Saar Barkai (EE, Technion)
Monday, 16.12.2019, 13:30
Electrical Eng. Building 701
Although distributed computing can significantly reduce the training time of deep neural networks, scaling the training process while maintaining high efficiency and final accuracy is challenging. Cloud computing, which is becoming increasingly popular as a platform for distributed training of deep neural networks, is prone to straggler workers who significantly increase training time in synchronous environments. Therefore, asynchronous distributed training is preferable in terms of training time when using cloud computing. Distributed asynchronous training enjoys near-linear speedup, but asynchrony causes gradient staleness; the main difficulty in scaling stochastic gradient descent to large clusters. We introduce two orthogonal methods for mitigating the gradient staleness, enabling the use of large numbers of asynchronous workers. The first method, called DANA, estimates the model's future parameters thus mitigating the momentum's added gradient staleness.
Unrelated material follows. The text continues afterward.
(* Assume (H1) and (H2), and fix $\alpha_0>0$. Then for all $f_1,f_1^*\in C[0,\alpha_0]$, $$\|U^{\alpha_0}(f_1)-U^{\alpha_0}(f_1^* )\|\le \varphi(\alpha_0)\,\|f_1-f_1^*\|,\qquad \varphi(\alpha_0):=2D^*\bar F_1(\alpha_0).$$
   Context: Fix constants $a>0$, $Q_0>0$, $\lambda_0>0$, $\theta_m>0$ and put $D^*=\frac{Q_0}{4\pi\lambda_0\theta_m}$. For $\alpha_0>0$: $C[0,\alpha_0]$ is the Banach space of real continuous functions on $[0,\alpha_0]$ with norm $\|f\|=\max_{[0,\alpha_0]}|f|$. We are given maps $L^*,N^*$ assigning to each $f_1\in C[0,\alpha_0]$ positive continuous functions $L^*(f_1),N^*(f_1)$ on $(0,\alpha_0]$. Define, for $0\le\eta\le\alpha_0$: $E_1(0,\eta,f_1)=\exp\big(-\alpha_0 a\int_0^{\eta}\frac{N^*(f_1)(s)}{L^*(f_1)(s)}ds\big)$, $F_1(0,\eta,f_1)=\int_0^{\eta}\frac{E_1(0,s,f_1)}{s\,L^*(f_1)(s)}ds$, and the operator $U^{\alpha_0}(f_1)(\eta)=D^*\big[F_1(0,\alpha_0,f_1)-F_1(0,\eta,f_1)\big]$, $0\le\eta\le\alpha_0$. Hypothesis (H1) (the part used here): there are positive constants $\mu,\nu,L_{1m},L_{1M},N_{1m},N_{1M}$ with $\mu>\max(1,\nu)$ such that for all $\alpha_0>0$, all $f_1\in C[0,\alpha_0]$ and all $0<\eta\le\alpha_0$: $L_{1m}\eta^{-\mu}\le L^*(f_1)(\eta)\le L_{1M}\eta^{-\mu}$ and $N_{1m}\eta^{-\nu}\le N^*(f_1)(\eta)\le N_{1M}\eta^{-\nu}$. Hypothesis (H2) (the part used here): there are constants $\bar L_1,\bar N_1\ge0$ such that for all $\alpha_0>0$ and all $f_1,f_1^*\in C[0,\alpha_0]$: $\sup_{0<s\le\alpha_0}|L^*(f_1)(s)-L^*(f_1^* )(s)|\le\bar L_1\|f_1-f_1^*\|$ and $\sup_{0<s\le\alpha_0}|N^*(f_1)(s)-N^*(f_1^* )(s)|\le\bar N_1\|f_1-f_1^*\|$. For $z>0$, $\bar F_1(z)=\frac{za}{L_{1m}^2}\Big(\frac{\bar N_1 z^{2\mu+1}}{(\mu+1)(2\mu+1)}+\frac{\bar L_1N_{1M}}{L_{1m}}\frac{z^{3\mu-\nu+1}}{(2\mu-\nu+1)(3\mu-\nu+1)}\Big)+\frac{\bar L_1}{L_{1m}^2}\frac{z^{2\mu}}{2\mu}$. *)

theory Defs
  imports "HOL-Analysis.Analysis"
begin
The second method, called Gap-Aware, mitigates gradient staleness by reducing the size of incoming gradients based on a new measure of their staleness we refer to as the Gap. We show that both methods can be combined to a single algorithm, DANA-Gap-Aware (DANA-GA), which produces state of the art results in terms of final accuracy and convergence rate. Despite prior beliefs, we show that if DANA-GA is applied, momentum becomes beneficial in asynchronous environments, even when the number of workers scales up. The evaluation is done on the well-known CIFAR, ImageNet, and WikiText-103 datasets.
* M.Sc. student under the supervision of Professor Assaf Schuster.